lemma conflation_iso:
  assumes "E A B D i p" "is_iso C A' A a" "is_iso C B' B b" "is_iso C D' D d"
    "i' \<in> hom A' B'" "p' \<in> hom B' D'" "b \<cdot> i' = i \<cdot> a" "d \<cdot> p' = p \<cdot> b"
  shows "E A' B' D' i' p'"
  using exact assms unfolding exact_category_def by (elim conjE) blast

lemma adm_mono_pushout:
  "adm_mono E A B i \<Longrightarrow> f \<in> hom A A' \<Longrightarrow>
     \<exists>B' i' f'. is_pushout C A B A' B' i f i' f' \<and> adm_mono E A' B' i'"
  using exact unfolding exact_category_def by meson

lemma adm_epi_pullback:
  "adm_epi E B D p \<Longrightarrow> h \<in> hom D' D \<Longrightarrow>
     \<exists>B' p' h'. is_pullback C B D D' B' p h p' h' \<and> adm_epi E B' D' p'"
  using exact unfolding exact_category_def by meson

lemma iso_id: "A \<in> Ob C \<Longrightarrow> is_iso C A A \<one>\<^bsub>A\<^esub>"
  unfolding is_iso_def using id_hom cmp_id_left by blast

lemma conflation_replace_kernel:
  assumes e: "E K' X A k p" and ker: "is_kernel C K X A i p"
  shows "E K X A i p"
proof -
  obtain a where a: "is_iso C K K' a" "k \<cdot> a = i"
    using kernel_unique_iso[OF conflation_kernel[OF e] ker] by blast
  have i: "i \<in> hom K X" and p: "p \<in> hom X A" using ker unfolding is_kernel_def by auto
  show ?thesis
    using conflation_iso[OF e a(1) iso_id iso_id i p] a(2) cmp_id_left[OF i] cmp_id_left[OF p]
      cmp_id_right[OF p] hom_ob[OF p] by simp
qed

lemma conflation_replace_cokernel:
  assumes e: "E K Y Z i c'" and coker: "is_cokernel C K Y M i c"
  shows "E K Y M i c"
proof -
  obtain d where d: "is_iso C M Z d" "d \<cdot> c = c'"
    using cokernel_unique_iso[OF conflation_cokernel[OF e] coker] by blast
  have i: "i \<in> hom K Y" and c: "c \<in> hom Y M" using coker unfolding is_cokernel_def by auto
  have c': "c' \<in> hom Y Z" using conflation_hom[OF e] by blast
  show ?thesis
    using conflation_iso[OF e iso_id iso_id d(1) i c] d(2) cmp_id_left[OF i] cmp_id_right[OF i]
      cmp_id_right[OF c'] hom_ob[OF i] by simp
qed

lemma conflation_pullback:
  assumes e: "E K L M f g" and h: "h \<in> hom A M"
  shows "\<exists>X i' p' h'. E K X A i' p' \<and> is_pullback C L M A X g h p' h' \<and> h' \<cdot> i' = f"
proof -
  obtain X p' h' where pb: "is_pullback C L M A X g h p' h'" and "adm_epi E X A p'"
    using adm_epi_pullback[OF _ h] e unfolding adm_epi_def by blast
  then obtain K' k where e': "E K' X A k p'" unfolding adm_epi_def by blast
  obtain i' where "is_kernel C K X A i' p'" "h' \<cdot> i' = f"
    using pullback_kernel[OF pb conflation_kernel[OF e]] by blast
  then show ?thesis using conflation_replace_kernel[OF e'] pb by blast
qed

lemma conflation_pushout:
  assumes e: "E N A M n q" and \<kappa>: "\<kappa> \<in> hom N K"
  shows "\<exists>Y i' f' c. E K Y M i' c \<and> is_pushout C N A K Y n \<kappa> i' f' \<and> c \<cdot> f' = q"
proof -
  obtain Y i' f' where po: "is_pushout C N A K Y n \<kappa> i' f'" and "adm_mono E K Y i'"
    using adm_mono_pushout[OF _ \<kappa>] e unfolding adm_mono_def by blast
  then obtain Z c' where e': "E K Y Z i' c'" unfolding adm_mono_def by blast
  obtain c where "is_cokernel C K Y M i' c" "c \<cdot> f' = q"
    using pushout_cokernel[OF po conflation_cokernel[OF e]] by blast
  then show ?thesis using conflation_replace_cokernel[OF e'] po by blast
qed

lemma retraction_if_section:
  assumes e: "E K X A i p" and s: "s \<in> hom A X" and ps: "p \<cdot> s = \<one>\<^bsub>A\<^esub>"
  shows "\<exists>r\<in>hom X K. r \<cdot> i = \<one>\<^bsub>K\<^esub>"
proof -
  have i: "i \<in> hom K X" and p: "p \<in> hom X A" using conflation_hom[OF e] by auto
  have pi: "p \<cdot> i = \<zero>\<^bsub>K,A\<^esub>" using conflation_kernel[OF e] unfolding is_kernel_def by blast
  have K: "K \<in> Ob C" and X: "X \<in> Ob C" using conflation_ob[OF e] by auto
  have sp: "s \<cdot> p \<in> hom X X" using cmp_hom[OF p s] .
  obtain n where n: "n \<in> hom X X" "s \<cdot> p \<oplus> n = \<zero>\<^bsub>X,X\<^esub>" using mor_add_inverse[OF sp] by blast
  define t where "t = \<one>\<^bsub>X\<^esub> \<oplus> n"
  have t: "t \<in> hom X X" unfolding t_def using add_hom[OF id_hom[OF X] n(1)] .
  \<comment> \<open>t is the idempotent 1 - s p, which is killed by p and fixes i\<close>
  have "p \<cdot> t = p \<cdot> (s \<cdot> p) \<oplus> p \<cdot> n"
    unfolding t_def using cmp_add_distrib_left[OF id_hom[OF X] n(1) p] cmp_id_right[OF p]
      cmp_assoc[OF p s p] ps cmp_id_left[OF p] by simp
  also have "\<dots> = \<zero>\<^bsub>X,A\<^esub>"
    using cmp_add_distrib_left[OF sp n(1) p] n(2) cmp_zer[OF p X] by simp
  finally obtain r where r: "r \<in> hom X K" "i \<cdot> r = t"
    using kernel_factor[OF conflation_kernel[OF e] t] by blast
  have "(s \<cdot> p) \<cdot> i \<oplus> n \<cdot> i = \<zero>\<^bsub>K,X\<^esub>"
    using cmp_add_distrib_right[OF sp n(1) i] n(2) zer_cmp[OF i X] by simp
  then have ni: "n \<cdot> i = \<zero>\<^bsub>K,X\<^esub>"
    using cmp_assoc[OF i p s] pi cmp_zer[OF s K] mor_add_zero_left[OF cmp_hom[OF i n(1)]] by simp
  have "i \<cdot> (r \<cdot> i) = i \<cdot> \<one>\<^bsub>K\<^esub>"
    using cmp_assoc[OF i r(1) i] r(2) cmp_add_distrib_right[OF id_hom[OF X] n(1) i] t_def ni
      cmp_id_left[OF i] mor_add_zero_right[OF i] cmp_id_right[OF i] by simp
  then show ?thesis
    using kernel_cancel[OF conflation_kernel[OF e] cmp_hom[OF i r(1)] id_hom[OF K]] r(1) by blast
qed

************

Exercise directions:
Your reply should consist of all the records, set down exactly.

Your response:
lemma conflation_iso:
  assumes "E A B D i p" "is_iso C A' A a" "is_iso C B' B b" "is_iso C D' D d"
    "i' \<in> hom A' B'" "p' \<in> hom B' D'" "b \<cdot> i' = i \<cdot> a" "d \<cdot> p' = p \<cdot> b"
  shows "E A' B' D' i' p'"
  using exact assms unfolding exact_category_def by (elim conjE) blast

lemma adm_mono_pushout:
  "adm_mono E A B i \<Longrightarrow> f \<in> hom A A' \<Longrightarrow>
     \<exists>B' i' f'. is_pushout C A B A' B' i f i' f' \<and> adm_mono E A' B' i'"
  using exact unfolding exact_category_def by meson

lemma adm_epi_pullback:
  "adm_epi E B D p \<Longrightarrow> h \<in> hom D' D \<Longrightarrow>
     \<exists>B' p' h'. is_pullback C B D D' B' p h p' h' \<and> adm_epi E B' D' p'"
  using exact unfolding exact_category_def by meson

lemma iso_id: "A \<in> Ob C \<Longrightarrow> is_iso C A A \<one>\<^bsub>A\<^esub>"
  unfolding is_iso_def using id_hom cmp_id_left by blast

lemma conflation_replace_kernel:
  assumes e: "E K' X A k p" and ker: "is_kernel C K X A i p"
  shows "E K X A i p"
proof -
  obtain a where a: "is_iso C K K' a" "k \<cdot> a = i"
    using kernel_unique_iso[OF conflation_kernel[OF e] ker] by blast
  have i: "i \<in> hom K X" and p: "p \<in> hom X A" using ker unfolding is_kernel_def by auto
  show ?thesis
    using conflation_iso[OF e a(1) iso_id iso_id i p] a(2) cmp_id_left[OF i] cmp_id_left[OF p]
      cmp_id_right[OF p] hom_ob[OF p] by simp
qed

lemma conflation_replace_cokernel:
  assumes e: "E K Y Z i c'" and coker: "is_cokernel C K Y M i c"
  shows "E K Y M i c"
proof -
  obtain d where d: "is_iso C M Z d" "d \<cdot> c = c'"
    using cokernel_unique_iso[OF conflation_cokernel[OF e] coker] by blast
  have i: "i \<in> hom K Y" and c: "c \<in> hom Y M" using coker unfolding is_cokernel_def by auto
  have c': "c' \<in> hom Y Z" using conflation_hom[OF e] by blast
  show ?thesis
    using conflation_iso[OF e iso_id iso_id d(1) i c] d(2) cmp_id_left[OF i] cmp_id_right[OF i]
      cmp_id_right[OF c'] hom_ob[OF i] by simp
qed

lemma conflation_pullback:
  assumes e: "E K L M f g" and h: "h \<in> hom A M"
  shows "\<exists>X i' p' h'. E K X A i' p' \<and> is_pullback C L M A X g h p' h' \<and> h' \<cdot> i' = f"
proof -
  obtain X p' h' where pb: "is_pullback C L M A X g h p' h'" and "adm_epi E X A p'"
    using adm_epi_pullback[OF _ h] e unfolding adm_epi_def by blast
  then obtain K' k where e': "E K' X A k p'" unfolding adm_epi_def by blast
  obtain i' where "is_kernel C K X A i' p'" "h' \<cdot> i' = f"
    using pullback_kernel[OF pb conflation_kernel[OF e]] by blast
  then show ?thesis using conflation_replace_kernel[OF e'] pb by blast
qed

lemma conflation_pushout:
  assumes e: "E N A M n q" and \<kappa>: "\<kappa> \<in> hom N K"
  shows "\<exists>Y i' f' c. E K Y M i' c \<and> is_pushout C N A K Y n \<kappa> i' f' \<and> c \<cdot> f' = q"
proof -
  obtain Y i' f' where po: "is_pushout C N A K Y n \<kappa> i' f'" and "adm_mono E K Y i'"
    using adm_mono_pushout[OF _ \<kappa>] e unfolding adm_mono_def by blast
  then obtain Z c' where e': "E K Y Z i' c'" unfolding adm_mono_def by blast
  obtain c where "is_cokernel C K Y M i' c" "c \<cdot> f' = q"
    using pushout_cokernel[OF po conflation_cokernel[OF e]] by blast
  then show ?thesis using conflation_replace_cokernel[OF e'] po by blast
qed

lemma retraction_if_section:
  assumes e: "E K X A i p" and s: "s \<in> hom A X" and ps: "p \<cdot> s = \<one>\<^bsub>A\<^esub>"
  shows "\<exists>r\<in>hom X K. r \<cdot> i = \<one>\<^bsub>K\<^esub>"
proof -
  have i: "i \<in> hom K X" and p: "p \<in> hom X A" using conflation_hom[OF e] by auto
  have pi: "p \<cdot> i = \<zero>\<^bsub>K,A\<^esub>" using conflation_kernel[OF e] unfolding is_kernel_def by blast
  have K: "K \<in> Ob C" and X: "X \<in> Ob C" using conflation_ob[OF e] by auto
  have sp: "s \<cdot> p \<in> hom X X" using cmp_hom[OF p s] .
  obtain n where n: "n \<in> hom X X" "s \<cdot> p \<oplus> n = \<zero>\<^bsub>X,X\<^esub>" using mor_add_inverse[OF sp] by blast
  define t where "t = \<one>\<^bsub>X\<^esub> \<oplus> n"
  have t: "t \<in> hom X X" unfolding t_def using add_hom[OF id_hom[OF X] n(1)] .
  \<comment> \<open>t is the idempotent 1 - s p, which is killed by p and fixes i\<close>
  have "p \<cdot> t = p \<cdot> (s \<cdot> p) \<oplus> p \<cdot> n"
    unfolding t_def using cmp_add_distrib_left[OF id_hom[OF X] n(1) p] cmp_id_right[OF p]
      cmp_assoc[OF p s p] ps cmp_id_left[OF p] by simp
  also have "\<dots> = \<zero>\<^bsub>X,A\<^esub>"
    using cmp_add_distrib_left[OF sp n(1) p] n(2) cmp_zer[OF p X] by simp
  finally obtain r where r: "r \<in> hom X K" "i \<cdot> r = t"
    using kernel_factor[OF conflation_kernel[OF e] t] by blast
  have "(s \<cdot> p) \<cdot> i \<oplus> n \<cdot> i = \<zero>\<^bsub>K,X\<^esub>"
    using cmp_add_distrib_right[OF sp n(1) i] n(2) zer_cmp[OF i X] by simp
  then have ni: "n \<cdot> i = \<zero>\<^bsub>K,X\<^esub>"
    using cmp_assoc[OF i p s] pi cmp_zer[OF s K] mor_add_zero_left[OF cmp_hom[OF i n(1)]] by simp
  have "i \<cdot> (r \<cdot> i) = i \<cdot> \<one>\<^bsub>K\<^esub>"
    using cmp_assoc[OF i r(1) i] r(2) cmp_add_distrib_right[OF id_hom[OF X] n(1) i] t_def ni
      cmp_id_left[OF i] mor_add_zero_right[OF i] cmp_id_right[OF i] by simp
  then show ?thesis
    using kernel_cancel[OF conflation_kernel[OF e] cmp_hom[OF i r(1)] id_hom[OF K]] r(1) by blast
qed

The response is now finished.